**Task requirements:** Only the lines below starting at the one containing "proof (rule ccontr)" and ending at the one containing "then show False" belong in the answer, each copied exactly.

== Segment start ==

lemma G_orbit_eq:
  assumes "m' \<in> G_orbit G M \<rho> m" "m \<in> M"
  shows "G_orbit G M \<rho> m' = G_orbit G M \<rho> m"
proof -
  have "m' \<in> M" "m \<in> G_orbit G M \<rho> m'"
    using assms G_orbit_subset G_orbit_sym by blast+
  then show ?thesis
    using G_orbit_trans assms by blast
qed

lemma X_const_on_G_orbits:
  assumes "m' \<in> G_orbit G M \<rho> m" "k' \<in> G_orbit G M \<rho> k" "m \<in> M" "k \<in> M"
  shows "\<rho> Xel m' k' = \<rho> Xel m k"
proof -
  have "m' \<in> M" "k' \<in> M"
    using assms G_orbit_subset by blast+
  have "\<rho> Xel m' k' = \<rho> Xel m k'"
    using assms(1) \<open>k' \<in> M\<close> unfolding G_orbit_def by (blast intro: X_invariant_under_act assms(3))
  also have "\<dots> = \<rho> Xel k' m"
    using act_dual[OF Xel_in_ng_basis assms(3) \<open>k' \<in> M\<close>] by simp
  also have "\<dots> = \<rho> Xel k m"
    using assms(2) unfolding G_orbit_def by (blast intro: X_invariant_under_act assms(3,4))
  also have "\<dots> = \<rho> Xel m k"
    using act_dual[OF Xel_in_ng_basis assms(4,3)] by simp
  finally show ?thesis .
qed

lemma sum_act_over_M: "m \<in> M \<Longrightarrow> (\<Sum>m'\<in>M. \<Sum>g\<in>carrier G. \<rho> (Gel g) m m') = card (carrier G)"
  by (subst sum.swap) (simp add: act_row_sum)

end

locale near_group_nim_orbits = near_group_nim +
  fixes p :: nat and Orb :: "nat \<Rightarrow> 'm set" and H :: "nat \<Rightarrow> 'g set"
  assumes Orb_G_orbit: "i \<in> {1..p} \<Longrightarrow> \<exists>m\<in>M. Orb i = G_orbit G M \<rho> m"
    and Orb_distinct: "i \<in> {1..p} \<Longrightarrow> j \<in> {1..p} \<Longrightarrow> i \<noteq> j \<Longrightarrow> Orb i \<noteq> Orb j"
    and Orb_cover: "(\<Union>i\<in>{1..p}. Orb i) = M"
    and subgroup_H: "i \<in> {1..p} \<Longrightarrow> subgroup (H i) G"
    and Orb_iso_cosets: "i \<in> {1..p} \<Longrightarrow> Gset_iso_cosets G \<rho> (Orb i) (H i)"
begin

abbreviation c :: "nat \<Rightarrow> nat \<Rightarrow> nat" where
  "c i j \<equiv> orbit_coeff \<rho> Orb i j"

lemma Orb_subset: "i \<in> {1..p} \<Longrightarrow> Orb i \<subseteq> M"
  using Orb_cover by blast

lemma Orb_eq_G_orbit:
  assumes "i \<in> {1..p}" "m \<in> Orb i"
  shows "Orb i = G_orbit G M \<rho> m"
proof -
  obtain a where "a \<in> M" "Orb i = G_orbit G M \<rho> a"
    using Orb_G_orbit[OF assms(1)] by blast
  then show ?thesis
    using G_orbit_eq[of m a] assms(2) by simp
qed

lemma some_in_Orb:
  assumes "i \<in> {1..p}"
  shows "(SOME m. m \<in> Orb i) \<in> Orb i"
proof -
  obtain a where "a \<in> M" "Orb i = G_orbit G M \<rho> a"
    using Orb_G_orbit[OF assms] by blast
  then have "a \<in> Orb i"
    using self_in_G_orbit by simp
  then show ?thesis
    by (rule someI)
qed

lemma X_on_Orb:
  assumes "i \<in> {1..p}" "j \<in> {1..p}" "m \<in> Orb i" "k \<in> Orb j"
  shows "\<rho> Xel m k = c i j"
proof -
  let ?m0 = "SOME m. m \<in> Orb i" and ?k0 = "SOME k. k \<in> Orb j"
  have "?m0 \<in> Orb i" "?k0 \<in> Orb j"
    using some_in_Orb assms(1,2) by blast+
  then have "m \<in> G_orbit G M \<rho> ?m0" "k \<in> G_orbit G M \<rho> ?k0" "?m0 \<in> M" "?k0 \<in> M"
    using Orb_eq_G_orbit Orb_subset assms by blast+
  then show ?thesis
    unfolding orbit_coeff_def by (rule X_const_on_G_orbits)
qed

lemma Orb_disjoint:
  assumes "i \<in> {1..p}" "j \<in> {1..p}" "i \<noteq> j"
  shows "Orb i \<inter> Orb j = {}"
proof (rule ccontr)
  assume "Orb i \<inter> Orb j \<noteq> {}"
  then obtain m where "m \<in> Orb i" "m \<in> Orb j"
    by blast
  then have "Orb i = Orb j"
    using Orb_eq_G_orbit[OF assms(1) \<open>m \<in> Orb i\<close>] Orb_eq_G_orbit[OF assms(2) \<open>m \<in> Orb j\<close>] by simp
  then show False
    using Orb_distinct assms by blast
qed

lemma sum_over_Orb: "(\<Sum>k\<in>M. f k) = (\<Sum>j\<in>{1..p}. \<Sum>k\<in>Orb j. f k)"
proof -
  have "finite (Orb j)" if "j \<in> {1..p}" for j
    using Orb_subset[OF that] finite_M finite_subset by blast
  then show ?thesis
    unfolding Orb_cover[symmetric] using Orb_disjoint by (intro sum.UNION_disjoint) auto
qed

lemma card_Orb_mult_card_H: "i \<in> {1..p} \<Longrightarrow> card (Orb i) * card (H i) = card (carrier G)"
  using card_mult_card_subgroup_if_iso_cosets[OF is_group finite_carrier subgroup_H Orb_iso_cosets] .

lemma card_H_pos: "i \<in> {1..p} \<Longrightarrow> card (H i) > 0"
  using subgroup_H finite_carrier
  by (metis card_gt_0_iff empty_iff finite_subset subgroup.one_closed subgroup.subset)

lemma X_squared_on_Orb:
  assumes i: "i \<in> {1..p}" and q: "q \<in> {1..p}" and "m \<in> Orb i" "m' \<in> Orb q"
  shows "(\<Sum>j\<in>{1..p}. card (Orb j) * (c i j * c j q)) = (\<Sum>g\<in>carrier G. \<rho> (Gel g) m m') + \<alpha> * c i q"
proof -
  have "(\<Sum>j\<in>{1..p}. card (Orb j) * (c i j * c j q)) = (\<Sum>j\<in>{1..p}. \<Sum>k\<in>Orb j. \<rho> Xel m k * \<rho> Xel k m')"
    using X_on_Orb assms by (intro sum.cong) auto
  also have "\<dots> = (\<Sum>k\<in>M. \<rho> Xel m k * \<rho> Xel k m')"
    by (rule sum_over_Orb[symmetric])
  also have "\<dots> = (\<Sum>g\<in>carrier G. \<rho> (Gel g) m m') + \<alpha> * c i q"
    using X_squared[of m m'] Orb_subset[OF i] Orb_subset[OF q] assms(3,4) X_on_Orb[OF i q assms(3,4)]
    by auto
  finally show ?thesis .
qed

lemma alpha_eq_single_orbit:
  assumes "p = 1"
  shows "real \<alpha> = real (c 1 1) * (real (card (carrier G)) / real (card (H 1)))
                   - real (card (H 1)) / real (c 1 1)"
proof -
  have one: "1 \<in> {1..p}" and "Orb 1 = M"
    using assms Orb_cover by auto
  define n h N C where "n = card M" and "h = card (H 1)" and "N = card (carrier G)" and "C = c 1 1"
  obtain m where m: "m \<in> M"
    using nim_rep unfolding ng_nim_rep_def by blast
  have "n * h = N"
    using card_Orb_mult_card_H[OF one] \<open>Orb 1 = M\<close> by (simp add: n_def h_def N_def)
  have "n * (C * C) = (\<Sum>g\<in>carrier G. \<rho> (Gel g) m m') + \<alpha> * C" if "m' \<in> M" for m'
    using X_squared_on_Orb[OF one one, of m m'] \<open>Orb 1 = M\<close> m that assms by (simp add: n_def C_def)
  then have "(\<Sum>m'\<in>M. n * (C * C)) = (\<Sum>m'\<in>M. (\<Sum>g\<in>carrier G. \<rho> (Gel g) m m') + \<alpha> * C)"
    by (intro sum.cong) auto
  then have "n * (n * (C * C)) = (\<Sum>m'\<in>M. \<Sum>g\<in>carrier G. \<rho> (Gel g) m m') + n * (\<alpha> * C)"
    by (simp add: sum.distrib n_def)
  also have "\<dots> = n * (h + \<alpha> * C)"
    using sum_act_over_M[OF m] \<open>n * h = N\<close> by (simp add: N_def distrib_left)
  finally have "n * (C * C) = h + \<alpha> * C"
    using m finite_M by (auto simp: n_def)
  moreover have "h > 0"
    using card_H_pos[OF one] h_def by simp
  ultimately have "C > 0"
    by (cases C) auto
  have "real \<alpha> * real C = real n * real C * real C - real h"
    using arg_cong[OF \<open>n * (C * C) = h + \<alpha> * C\<close>, of real] by simp
  then have "real \<alpha> = real n * real C - real h / real C"
    using \<open>C > 0\<close> by (simp add: field_simps)
  moreover have "real n = real N / real h"
    using \<open>n * h = N\<close> \<open>h > 0\<close> by (simp add: field_simps flip: of_nat_mult)
  ultimately show ?thesis
    by (simp add: C_def N_def h_def mult.commute)
qed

== Segment end ==

**Answer to this exercise:**
proof (rule ccontr)
  assume "Orb i \<inter> Orb j \<noteq> {}"
  then obtain m where "m \<in> Orb i" "m \<in> Orb j"
    by blast
  then have "Orb i = Orb j"
    using Orb_eq_G_orbit[OF assms(1) \<open>m \<in> Orb i\<close>] Orb_eq_G_orbit[OF assms(2) \<open>m \<in> Orb j\<close>] by simp
  then show False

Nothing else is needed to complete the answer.